Cette position est simplement absurde, d’autant qu’elle ne reprend pas  les propos des islamistes au travers de leurs  fatwas, leur traités et des livres entiers qui de manière univoque disent clairement que l’hostilité envers les infidèles – qu’il s’agisse  d’un régime séculier ou des Etats-Unis – est une affaire de doctrine et n’est pas fondée sur tel ou tel grief. (a doctrinal matter)

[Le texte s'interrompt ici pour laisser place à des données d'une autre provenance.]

lemma coface_horn_simp: "i \<le> Suc (Suc K) \<Longrightarrow> i \<noteq> k \<Longrightarrow> coface (Suc K) i \<in> horn_simp k (Suc (Suc K)) (Suc K)"
  unfolding horn_simp_def using dmor_coface by (auto simp: coface_def)

context simplicial
begin

lemma face_smap_didx:
  assumes "smap (strat_delta (Suc K) T) X g"
  shows "face K i (g (Suc K) (didx (Suc K))) = g K (coface K i)"
proof -
  have "didx (Suc K) \<in> Simp (strat_delta (Suc K) T) (Suc K)" using dmor_didx by (simp add: strat_delta_def)
  from smap_act[OF assms dmor_coface this] show ?thesis
    unfolding face_def strat_delta_def using dcomp_didx_left[OF dmor_coface] by simp
qed

text \<open>A simplex a of the horn missing the vertex i lies in the i-th face; it is sent to the
  corresponding simplex of y i.\<close>
definition horn_map :: "nat \<Rightarrow> nat \<Rightarrow> (nat \<Rightarrow> 'a) \<Rightarrow> nat \<Rightarrow> (nat \<Rightarrow> nat) \<Rightarrow> 'a" where
  "horn_map K k y m a = Act X m (Suc K) (cofactor (horn_index k (Suc (Suc K)) m a) a)
     (y (horn_index k (Suc (Suc K)) m a))"

end

context pointed_wcs
begin

context
  fixes K k :: nat and y :: "nat \<Rightarrow> 'a"
  assumes horn_faces: "\<And>i. i \<le> Suc (Suc K) \<Longrightarrow> i \<noteq> k \<Longrightarrow> y i \<in> Simp X (Suc K)"
    and horn_compat: "\<And>i r. i < r \<Longrightarrow> r \<le> Suc (Suc K) \<Longrightarrow> i \<noteq> k \<Longrightarrow> r \<noteq> k \<Longrightarrow>
        face K i (y r) = face K (r - 1) (y i)"
begin

lemma act_cofactor_horn_faces:
  assumes lt: "i < i'" and a: "dmor m (Suc (Suc K)) a"
    and i: "i \<noteq> k" "i \<notin> a ` {0..m}" and i': "i' \<le> Suc (Suc K)" "i' \<noteq> k" "i' \<notin> a ` {0..m}"
  shows "Act X m (Suc K) (cofactor i a) (y i) = Act X m (Suc K) (cofactor i' a) (y i')"
proof -
  have avoid: "a t \<noteq> i \<and> a t \<noteq> i'" if "t \<le> m" for t using that i i' by force
  have d: "dmor m (Suc K) (cofactor i a)" "dmor m (Suc K) (cofactor i' a)"
    using dmor_cofactor[OF a] i i' lt by auto
  have "i' - 1 \<notin> cofactor i a ` {0..m}" "i \<notin> cofactor i' a ` {0..m}"
    using avoid lt unfolding cofactor_def by (fastforce split: if_splits)+
  then have "Act X m (Suc K) (cofactor i a) (y i)
      = Act X m K (cofactor (i' - 1) (cofactor i a)) (face K (i' - 1) (y i))"
    and "Act X m (Suc K) (cofactor i' a) (y i') = Act X m K (cofactor i (cofactor i' a)) (face K i (y i'))"
    using act_cofactor[OF horn_faces d(1)] act_cofactor[OF horn_faces d(2)] lt i i' by auto
  moreover have "face K (i' - 1) (y i) = face K i (y i')" using horn_compat[of i i'] lt i i' by simp
  moreover have "cofactor (i' - 1) (cofactor i a) = cofactor i (cofactor i' a)"
    using cofactor_cofactor[OF lt avoid a] .
  ultimately show ?thesis by simp
qed

lemma horn_map_eq:
  assumes a: "a \<in> horn_simp k (Suc (Suc K)) m" and i: "i \<le> Suc (Suc K)" "i \<noteq> k" "i \<notin> a ` {0..m}"
  shows "horn_map K k y m a = Act X m (Suc K) (cofactor i a) (y i)"
proof -
  define j where "j = horn_index k (Suc (Suc K)) m a"
  have j: "j \<le> Suc (Suc K)" "j \<noteq> k" "j \<notin> a ` {0..m}" using horn_index[OF a] j_def by auto
  have "horn_map K k y m a = Act X m (Suc K) (cofactor j a) (y j)" unfolding horn_map_def j_def by simp
  also have "\<dots> = Act X m (Suc K) (cofactor i a) (y i)"
    using act_cofactor_horn_faces horn_simp_dmor[OF a] i j by (metis linorder_neq_iff)
  finally show ?thesis .
qed

lemma horn_map_coface:
  assumes "i \<le> Suc (Suc K)" "i \<noteq> k"
  shows "horn_map K k y (Suc K) (coface (Suc K) i) = y i"
proof -
  have "i \<notin> coface (Suc K) i ` {0..Suc K}" by (auto simp: coface_def)
  then show ?thesis
    using horn_map_eq[OF coface_horn_simp[OF assms] assms] act_didx[OF horn_faces[OF assms]]
    by (simp add: cofactor_coface)
qed

lemma horn_mapE:
  assumes a: "a \<in> horn_simp k (Suc (Suc K)) m"
  obtains i where "i \<le> Suc (Suc K)" "i \<noteq> k" "i \<notin> a ` {0..m}" "horn_map K k y m a = Act X m (Suc K) (cofactor i a) (y i)"
    "dmor m (Suc K) (cofactor i a)" "(\<lambda>t. coface (Suc K) i (cofactor i a t)) ` {0..m} = a ` {0..m}"
proof -
  define i where "i = horn_index k (Suc (Suc K)) m a"
  have i: "i \<le> Suc (Suc K)" "i \<noteq> k" "i \<notin> a ` {0..m}" using horn_index[OF a] i_def by auto
  show thesis
    using that[OF i horn_map_eq[OF a i] dmor_cofactor image_coface_cofactor]
      horn_simp_dmor[OF a] i by blast
qed

lemma smap_Delta_k'_of_horn_map:
  assumes g: "smap (Delta_k k (Suc (Suc K))) X g"
    and extends: "\<And>m a. a \<in> horn_simp k (Suc (Suc K)) m \<Longrightarrow> g m a = horn_map K k y m a"
    and thin_faces: "\<And>i. i \<le> Suc (Suc K) \<Longrightarrow> i \<noteq> k \<Longrightarrow> y i \<in> Thin X (Suc K)"
  shows "smap (Delta_k' k (Suc (Suc K))) X g"
  unfolding smap_def
proof (intro conjI allI impI)
  fix m a assume "a \<in> Simp (Delta_k' k (Suc (Suc K))) m"
  then show "g m a \<in> Simp X m" using smap_simp[OF g] unfolding Delta_k'_def by simp
next
  fix l m h a assume "dmor l m h" "a \<in> Simp (Delta_k' k (Suc (Suc K))) m"
  then show "g l (Act (Delta_k' k (Suc (Suc K))) l m h a) = Act X l m h (g m a)"
    using smap_act[OF g] unfolding Delta_k'_def by simp
next
  fix m a assume "a \<in> Thin (Delta_k' k (Suc (Suc K))) m"
  moreover have "Thin (Delta_k' k (Suc (Suc K))) m = Thin (Delta_k k (Suc (Suc K))) m
      \<union> Thin (Lambda k (Suc (Suc K))) m \<union> (if m = Suc K then horn_simp k (Suc (Suc K)) m else {})"
    by (simp add: Delta_k'_def Lambda'_def Un_assoc)
  ultimately consider "a \<in> Thin (Delta_k k (Suc (Suc K))) m" | "a \<in> Thin (Lambda k (Suc (Suc K))) m"
    | "m = Suc K" "a \<in> horn_simp k (Suc (Suc K)) m"
    by (cases "m = Suc K") auto
  then show "g m a \<in> Thin X m"
  proof cases
    case 1 then show ?thesis by (rule smap_thin[OF g])
  next
    case 2 then show ?thesis using smap_thin[OF g] unfolding Lambda_def by simp
  next
    case 3
    obtain i where i: "i \<le> Suc (Suc K)" "i \<noteq> k" "i \<notin> a ` {0..m}"
      and eq: "horn_map K k y m a = Act X m (Suc K) (cofactor i a) (y i)"
      and d: "dmor m (Suc K) (cofactor i a)"
      and "(\<lambda>t. coface (Suc K) i (cofactor i a t)) ` {0..m} = a ` {0..m}"
      by (rule horn_mapE[OF 3(2)])
    have yi: "y i \<in> Thin X (Suc K)" using thin_faces[OF i(1,2)] .
    consider t where "t < m" "cofactor i a t = cofactor i a (Suc t)"
      | "\<forall>t<m. cofactor i a t < cofactor i a (Suc t)"
      using dmor_repeat_or_strict[OF d] by blast
    then show ?thesis
    proof cases
      case 1
      then show ?thesis using repeat_thin[OF d 1 thin_simp[OF yi]] eq extends[OF 3(2)] by simp
    next
      case 2
      then have "cofactor i a = didx (Suc K)"
        by (intro dmor_strict_endo_eq_didx) (use d 3(1) in auto)
      then show ?thesis using eq extends[OF 3(2)] act_didx[OF thin_simp[OF yi]] yi 3(1) by simp
    qed
  qed
qed

context
  assumes horn_thin: "\<And>i m u. i \<le> Suc (Suc K) \<Longrightarrow> i \<noteq> k \<Longrightarrow> i \<notin> hornset k (Suc (Suc K)) \<Longrightarrow>
      dmor m (Suc K) u \<Longrightarrow> hornset k (Suc (Suc K)) \<subseteq> (\<lambda>t. coface (Suc K) i (u t)) ` {0..m} \<Longrightarrow>
      Act X m (Suc K) u (y i) \<in> Thin X m"
begin

lemma horn_map_thin:
  assumes "a \<in> Thin (Lambda k (Suc (Suc K))) m"
  shows "horn_map K k y m a \<in> Thin X m"
proof -
  from assms have a: "a \<in> horn_simp k (Suc (Suc K)) m" and thin: "a \<in> Thin (Delta_k k (Suc (Suc K))) m"
    unfolding Lambda_def by auto
  obtain i where i: "i \<le> Suc (Suc K)" "i \<noteq> k" and i_notin: "i \<notin> a ` {0..m}" and eq: "horn_map K k y m a = Act X m (Suc K) (cofactor i a) (y i)"
    and d: "dmor m (Suc K) (cofactor i a)"
    and img: "(\<lambda>t. coface (Suc K) i (cofactor i a t)) ` {0..m} = a ` {0..m}"
    using horn_mapE[OF a] by blast
  from thin consider "a \<in> dgn (Suc (Suc K)) m" | "hornset k (Suc (Suc K)) \<subseteq> a ` {0..m}"
    unfolding Delta_k_def strat_delta_def by auto
  then show ?thesis
  proof cases
    case 1
    then obtain t where "t < m" "a t = a (Suc t)" using dgn_repeat by blast
    then show ?thesis using repeat_thin[OF d, of t] horn_faces[OF i] eq by (simp add: cofactor_def)
  next
    case 2
    then have "i \<notin> hornset k (Suc (Suc K))" using i_notin by blast
    then show ?thesis using horn_thin[OF i _ d] 2 img eq by simp
  qed
qed

lemma smap_horn_map: "smap (Lambda k (Suc (Suc K))) X (horn_map K k y)"
  unfolding smap_def
proof (intro conjI allI impI)
  fix m a assume "a \<in> Simp (Lambda k (Suc (Suc K))) m"
  then have a: "a \<in> horn_simp k (Suc (Suc K)) m" unfolding Lambda_def by simp
  then obtain i where "i \<le> Suc (Suc K)" "i \<noteq> k" "i \<notin> a ` {0..m}"
    "horn_map K k y m a = Act X m (Suc K) (cofactor i a) (y i)" "dmor m (Suc K) (cofactor i a)"
    by (rule horn_mapE)
  then show "horn_map K k y m a \<in> Simp X m" using act_simp horn_faces by simp
next
  fix l m g a assume g: "dmor l m g" and "a \<in> Simp (Lambda k (Suc (Suc K))) m"
  then have a: "a \<in> horn_simp k (Suc (Suc K)) m" unfolding Lambda_def by simp
  define i where "i = horn_index k (Suc (Suc K)) m a"
  have i: "i \<le> Suc (Suc K)" "i \<noteq> k" "i \<notin> a ` {0..m}" using horn_index[OF a] i_def by auto
  have ag: "dcomp l a g \<in> horn_simp k (Suc (Suc K)) l"
    using i not_in_image_dcomp[OF i(3) g] dmor_dcomp[OF g horn_simp_dmor[OF a]]
    unfolding horn_simp_def by blast
  have d: "dmor m (Suc K) (cofactor i a)" using dmor_cofactor horn_simp_dmor[OF a] i by simp
  have "horn_map K k y l (dcomp l a g) = Act X l (Suc K) (cofactor i (dcomp l a g)) (y i)"
    using horn_map_eq[OF ag i(1,2) not_in_image_dcomp[OF i(3) g]] .
  also have "\<dots> = Act X l m g (Act X m (Suc K) (cofactor i a) (y i))"
    using act_dcomp[OF g d horn_faces[OF i(1,2)]] by (simp add: cofactor_dcomp)
  also have "Act X m (Suc K) (cofactor i a) (y i) = horn_map K k y m a"
    unfolding horn_map_def i_def by simp
  finally show "horn_map K k y l (Act (Lambda k (Suc (Suc K))) l m g a) = Act X l m g (horn_map K k y m a)"
    unfolding Lambda_def by simp
next
  fix m a assume "a \<in> Thin (Lambda k (Suc (Suc K))) m"
  then show "horn_map K k y m a \<in> Thin X m" by (rule horn_map_thin)
qed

Pire encore, Shane reprend dans sa conclusion  l’avertissement de Dunne: "Si les groupes islamistes comme les Frères Musulmans  perdent la foi en la démocratie,  c’est alors que les conséquences seront terribles. »

La vérité est que les Frères Musulmans et autres islamistes n’ont aucune foi en la démocratie —qu’ils ont toujours décrite comme une pratique propre aux infidèles et bonne à être exploitée pour mettre en œuvre la Charia. (to be exploited to empower Sharia.)  Et pour ce qui  concerne l’occident, la seule chose en laquelle vraisemblablement ils croient, c’est en  la pérénité de cette complaisance de l’administration Obama.